**WHAT IS REQUIRED**.
Scanning the entries below, copy every line that contains the word "intro".

(Saved data entries)
(* Let $\rho:VB_n\to \mathrm{GL}_n(\mathbb{Z}[s]/(s^2))$ be the homomorphism defined on generators by $\rho(\sigma_i)=I_{i-1}\oplus\begin{pmatrix}0&1\\1&0\end{pmatrix}\oplus I_{n-i-1}$ and $\rho(\tau_i)=I_{i-1}\oplus\begin{pmatrix}s&1+s\\1-s&-s\end{pmatrix}\oplus I_{n-i-1}$. Then for every virtual braid $\beta\in VB_n$, $M(\beta)^T=\rho(\beta)$, where $M(\beta)$ is the bowling ball matrix of $\beta$ regarded as a virtual $n$-string link.
   Context: $VB_n$ is the virtual braid group on $n$ strands, generated by $\sigma_1,\dots,\sigma_{n-1}$ ($\sigma_i$ a positive real crossing between the strands in positions $i$ and $i+1$) and $\tau_1,\dots,\tau_{n-1}$ ($\tau_i$ a virtual crossing between positions $i$ and $i+1$), with strands oriented from top ($\mathbb{R}\times\{1\}$) to bottom ($\mathbb{R}\times\{0\}$). A word $g_1g_2\cdots g_k$ in the generators is represented by stacking the generator diagrams with $g_1$ at the bottom and $g_k$ at the top, so that $\rho(g_1\cdots g_k)=\rho(g_1)\cdots\rho(g_k)$; $s$ is a formal variable with $s^2=0$. Bowling ball matrix $M(L)$ of a virtual $n$-string link diagram $L$ (strings from $(i,1)$ to $(\pi(i),0)$, crossings real or virtual): a ball travels from a top endpoint along the orientation. At a real crossing it always continues along its strand (weight $1$). At a virtual crossing, rotated so both strands point downward, a ball arriving along the strand entering from the upper left jumps to the other strand with weight $s$ and continues with weight $1-s$; a ball arriving along the strand from the upper right jumps with weight $-s$ and continues with weight $1+s$. A path's weight is the product of these weights over the virtual crossings it passes, and $M(L)_{ij}$ is the sum in $\mathbb{Z}[s]/(s^2)$ of the weights of all paths from $(i,1)$ to $(j,0)$. *)

theory Defs
  imports "Jordan_Normal_Form.Matrix"
begin

text \<open>Dual a b represents a + b s, with s^2 = 0.\<close>
datatype dual = Dual (re: int) (eps: int)

instantiation dual :: comm_ring_1
begin
definition "0 = Dual 0 0"
definition "1 = Dual 1 0"
definition "x + y = Dual (re x + re y) (eps x + eps y)"
definition "x - y = Dual (re x - re y) (eps x - eps y)"
definition "- x = Dual (- re x) (- eps x)"
definition "x * y = Dual (re x * re y) (re x * eps y + eps x * re y)"
instance
  by standard (auto simp: zero_dual_def one_dual_def plus_dual_def minus_dual_def
      uminus_dual_def times_dual_def algebra_simps intro: dual.expand)
end

definition s :: dual where "s = Dual 0 1"

lemma s_squared: "s * s = 0"
  by (simp add: s_def times_dual_def zero_dual_def)

text \<open>Generators: Sig i is sigma_i, Tau i is tau_i, with 1 <= i <= n-1; they act on
  strand positions i and i+1 (1-based), i.e. positions i-1 and i in the 0-based
  numbering 0..n-1 used below for positions and matrix indices.
  A word [g1,...,gk] is the diagram with g1 at the bottom and gk at the top.\<close>
datatype gen = Sig nat | Tau nat

definition gen_idx :: "gen \<Rightarrow> nat" where
  "gen_idx g = (case g of Sig i \<Rightarrow> i | Tau i \<Rightarrow> i)"

definition valid_word :: "nat \<Rightarrow> gen list \<Rightarrow> bool" where
  "valid_word n w \<longleftrightarrow> (\<forall>g\<in>set w. 1 \<le> gen_idx g \<and> gen_idx g < n)"

definition rho_gen :: "nat \<Rightarrow> gen \<Rightarrow> dual mat" where
  "rho_gen n g = mat n n (\<lambda>(a, b).
     (case g of
        Sig i \<Rightarrow>
          (if a = i - 1 \<and> b = i then 1
           else if a = i \<and> b = i - 1 then 1
           else if (a = i - 1 \<or> a = i) then 0
           else if a = b then 1 else 0)
      | Tau i \<Rightarrow>
          (if a = i - 1 \<and> b = i - 1 then s
           else if a = i - 1 \<and> b = i then 1 + s
           else if a = i \<and> b = i - 1 then 1 - s
           else if a = i \<and> b = i then - s
           else if (a = i - 1 \<or> a = i) then 0
           else if a = b then 1 else 0)))"

definition rho :: "nat \<Rightarrow> gen list \<Rightarrow> dual mat" where
  "rho n w = foldr (\<lambda>g A. rho_gen n g * A) w (1\<^sub>m n)"

text \<open>Crossing g at one level: a ball entering at top position p can leave at bottom
  position q (0-based positions).  At a real crossing sigma_i the ball follows its
  strand (positions i-1 and i are exchanged).  At a virtual crossing tau_i the ball
  either continues along its strand (exchange of positions) or jumps to the other
  strand (stays at its position).\<close>
definition bb_step :: "gen \<Rightarrow> nat \<Rightarrow> nat \<Rightarrow> bool" where
  "bb_step g p q = (case g of
     Sig i \<Rightarrow> (if p = i - 1 then q = i else if p = i then q = i - 1 else q = p)
   | Tau i \<Rightarrow> (if p = i - 1 then q = i \<or> q = i - 1
               else if p = i then q = i - 1 \<or> q = i else q = p))"

definition bb_weight :: "gen \<Rightarrow> nat \<Rightarrow> nat \<Rightarrow> dual" where
  "bb_weight g p q = (case g of
     Sig i \<Rightarrow> 1
   | Tau i \<Rightarrow> (if p = i - 1 then (if q = i - 1 then s else 1 - s)
               else if p = i then (if q = i then - s else 1 + s) else 1))"

text \<open>A path from (i,1) to (j,0) through the diagram of w = [g1,...,gk] is a list ps of
  positions of length k+1, where ps!l is the position just below level l (generator
  w!l), so ps!0 = j is the bottom endpoint and ps!k = i the top endpoint, and each
  generator w!l moves the ball from ps!(l+1) to ps!l.\<close>
definition bb_paths :: "nat \<Rightarrow> gen list \<Rightarrow> nat \<Rightarrow> nat \<Rightarrow> nat list set" where
  "bb_paths n w i j = {ps. length ps = Suc (length w) \<and> set ps \<subseteq> {..<n} \<and>
       ps ! length w = i \<and> ps ! 0 = j \<and>
       (\<forall>l < length w. bb_step (w ! l) (ps ! Suc l) (ps ! l))}"

definition bb_path_weight :: "gen list \<Rightarrow> nat list \<Rightarrow> dual" where
  "bb_path_weight w ps = (\<Prod>l < length w. bb_weight (w ! l) (ps ! Suc l) (ps ! l))"

definition bowling_ball_matrix :: "nat \<Rightarrow> gen list \<Rightarrow> dual mat" where
  "bowling_ball_matrix n w =
     mat n n (\<lambda>(i, j). \<Sum>ps \<in> bb_paths n w i j. bb_path_weight w ps)"

end

theory Submission
  imports Defs
begin

text \<open>Reading a word from the bottom, a path through \<open>g # w\<close> is a first move through the
  crossing \<open>g\<close> followed by a path through \<open>w\<close>, and its weight factors accordingly.
  Hence the bowling ball matrix is multiplicative under stacking,
  \<open>M(g # w) = M(w) M([g])\<close>, and the \<open>(a, c)\<close> entry of \<open>rho_gen n g\<close> is exactly the weight
  of the one-step move from top position \<open>c\<close> to bottom position \<open>a\<close> (zero if that move is
  not allowed), i.e. \<open>M([g]) = rho_gen n g\<^sup>T\<close>.\<close>

definition bb_path_sum :: "nat \<Rightarrow> gen list \<Rightarrow> nat \<Rightarrow> nat \<Rightarrow> dual" where
  "bb_path_sum n w i j = (\<Sum>ps \<in> bb_paths n w i j. bb_path_weight w ps)"

lemma bowling_ball_matrix_carrier: "bowling_ball_matrix n w \<in> carrier_mat n n"
  by (simp add: bowling_ball_matrix_def)

lemma bowling_ball_matrix_index:
  "i < n \<Longrightarrow> j < n \<Longrightarrow> bowling_ball_matrix n w $$ (i, j) = bb_path_sum n w i j"
  by (simp add: bowling_ball_matrix_def bb_path_sum_def)

lemma rho_gen_carrier: "rho_gen n g \<in> carrier_mat n n"
  by (simp add: rho_gen_def)

lemma rho_gen_index:
  assumes "a < n" "c < n"
  shows "rho_gen n g $$ (a, c) = (if bb_step g c a then bb_weight g c a else 0)"
  using assms
  by (cases g; cases "a = gen_idx g - 1"; cases "a = gen_idx g";
      cases "c = gen_idx g - 1"; cases "c = gen_idx g"; cases "a = c")
     (simp_all add: rho_gen_def bb_step_def bb_weight_def gen_idx_def)

lemma finite_bb_paths: "finite (bb_paths n w i j)"
proof (rule finite_subset)
  show "bb_paths n w i j \<subseteq> {ps. set ps \<subseteq> {..<n} \<and> length ps = Suc (length w)}"
    unfolding bb_paths_def by auto
qed (simp add: finite_lists_length_eq)

lemma bb_paths_Nil: "bb_paths n [] i j = (if i = j \<and> j < n then {[j]} else {})"
  by (auto simp: bb_paths_def length_Suc_conv)

lemma bb_paths_Cons:
  assumes "a < n"
  shows "bb_paths n (g # w) b a =
    (#) a ` (\<Union>c \<in> {c \<in> {..<n}. bb_step g c a}. bb_paths n w b c)"
proof (intro equalityI subsetI)
  fix ps assume ps: "ps \<in> bb_paths n (g # w) b a"
  then obtain ps' where "ps = a # ps'" "ps' \<noteq> []"
    unfolding bb_paths_def by (cases ps) (auto simp: length_Suc_conv)
  with ps have "ps' \<in> bb_paths n w b (ps' ! 0)" "ps' ! 0 < n" "bb_step g (ps' ! 0) a"
    unfolding bb_paths_def by (auto simp: All_less_Suc2 subset_iff)
  with \<open>ps = a # ps'\<close>
  show "ps \<in> (#) a ` (\<Union>c \<in> {c \<in> {..<n}. bb_step g c a}. bb_paths n w b c)"
    by blast
next
  fix ps assume "ps \<in> (#) a ` (\<Union>c \<in> {c \<in> {..<n}. bb_step g c a}. bb_paths n w b c)"
  with assms show "ps \<in> bb_paths n (g # w) b a"
    unfolding bb_paths_def by (auto simp: less_Suc_eq_0_disj)
qed

lemma bb_path_weight_Cons:
  "bb_path_weight (g # w) (a # ps) = bb_weight g (ps ! 0) a * bb_path_weight w ps"
  unfolding bb_path_weight_def
  by (simp add: prod.lessThan_Suc_shift del: prod.lessThan_Suc)

lemma bb_path_sum_Cons:
  assumes "a < n"
  shows "bb_path_sum n (g # w) b a = (\<Sum>c<n. rho_gen n g $$ (a, c) * bb_path_sum n w b c)"
proof -
  let ?C = "{c \<in> {..<n}. bb_step g c a}"
  have "bb_path_sum n (g # w) b a =
      (\<Sum>ps \<in> (\<Union>c \<in> ?C. bb_paths n w b c). bb_path_weight (g # w) (a # ps))"
    unfolding bb_path_sum_def bb_paths_Cons[OF assms] by (simp add: sum.reindex)
  also have "\<dots> = (\<Sum>c \<in> ?C. \<Sum>ps \<in> bb_paths n w b c. bb_path_weight (g # w) (a # ps))"
  proof (rule sum.UNION_disjoint)
    show "\<forall>c \<in> ?C. \<forall>d \<in> ?C. c \<noteq> d \<longrightarrow> bb_paths n w b c \<inter> bb_paths n w b d = {}"
      by (auto simp: bb_paths_def)
  qed (simp_all add: finite_bb_paths)
  also have "\<dots> = (\<Sum>c \<in> ?C. bb_weight g c a * bb_path_sum n w b c)"
    unfolding bb_path_sum_def bb_path_weight_Cons sum_distrib_left
    by (intro sum.cong refl) (auto simp: bb_paths_def)
  also have "\<dots> = (\<Sum>c<n. if bb_step g c a then bb_weight g c a * bb_path_sum n w b c else 0)"
    by (rule sum.inter_filter) simp
  also have "\<dots> = (\<Sum>c<n. rho_gen n g $$ (a, c) * bb_path_sum n w b c)"
    by (intro sum.cong) (simp_all add: rho_gen_index assms)
  finally show ?thesis .
qed

lemma bowling_ball_matrix_Nil: "bowling_ball_matrix n [] = 1\<^sub>m n"
  by (rule eq_matI) (auto simp: bowling_ball_matrix_def bb_paths_Nil bb_path_weight_def)

lemma bowling_ball_matrix_Cons:
  "bowling_ball_matrix n (g # w) = bowling_ball_matrix n w * transpose_mat (rho_gen n g)"
proof (rule eq_matI)
  fix b a assume "b < dim_row (bowling_ball_matrix n w * transpose_mat (rho_gen n g))"
    "a < dim_col (bowling_ball_matrix n w * transpose_mat (rho_gen n g))"
  then have "b < n" "a < n"
    by (simp_all add: carrier_matD[OF rho_gen_carrier] carrier_matD[OF bowling_ball_matrix_carrier])
  then show "bowling_ball_matrix n (g # w) $$ (b, a) =
      (bowling_ball_matrix n w * transpose_mat (rho_gen n g)) $$ (b, a)"
    by (simp add: bowling_ball_matrix_index bb_path_sum_Cons scalar_prod_def atLeast0LessThan
        mult.commute carrier_matD[OF rho_gen_carrier] carrier_matD[OF bowling_ball_matrix_carrier])
qed (simp_all add: carrier_matD[OF rho_gen_carrier] carrier_matD[OF bowling_ball_matrix_carrier])

lemma transpose_bowling_ball_matrix: "transpose_mat (bowling_ball_matrix n w) = rho n w"
proof (induction w)
  case Nil
  show ?case by (simp add: bowling_ball_matrix_Nil rho_def)
next
  case (Cons g w)
  have "transpose_mat (bowling_ball_matrix n (g # w)) =
      rho_gen n g * transpose_mat (bowling_ball_matrix n w)"
    using transpose_mult[OF bowling_ball_matrix_carrier[of n w], of "transpose_mat (rho_gen n g)" n]
    by (simp add: bowling_ball_matrix_Cons rho_gen_carrier)
  with Cons.IH show ?case by (simp add: rho_def)
qed

theorem theorem4p1:
  fixes n :: nat and w :: "gen list"
  assumes "valid_word n w"
  shows "transpose_mat (bowling_ball_matrix n w) = rho n w"
  by (rule transpose_bowling_ball_matrix)

end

**FINAL ANSWER**.
      uminus_dual_def times_dual_def algebra_simps intro: dual.expand)
proof (intro equalityI subsetI)
    by (intro sum.cong refl) (auto simp: bb_paths_def)
    by (intro sum.cong) (simp_all add: rho_gen_index assms)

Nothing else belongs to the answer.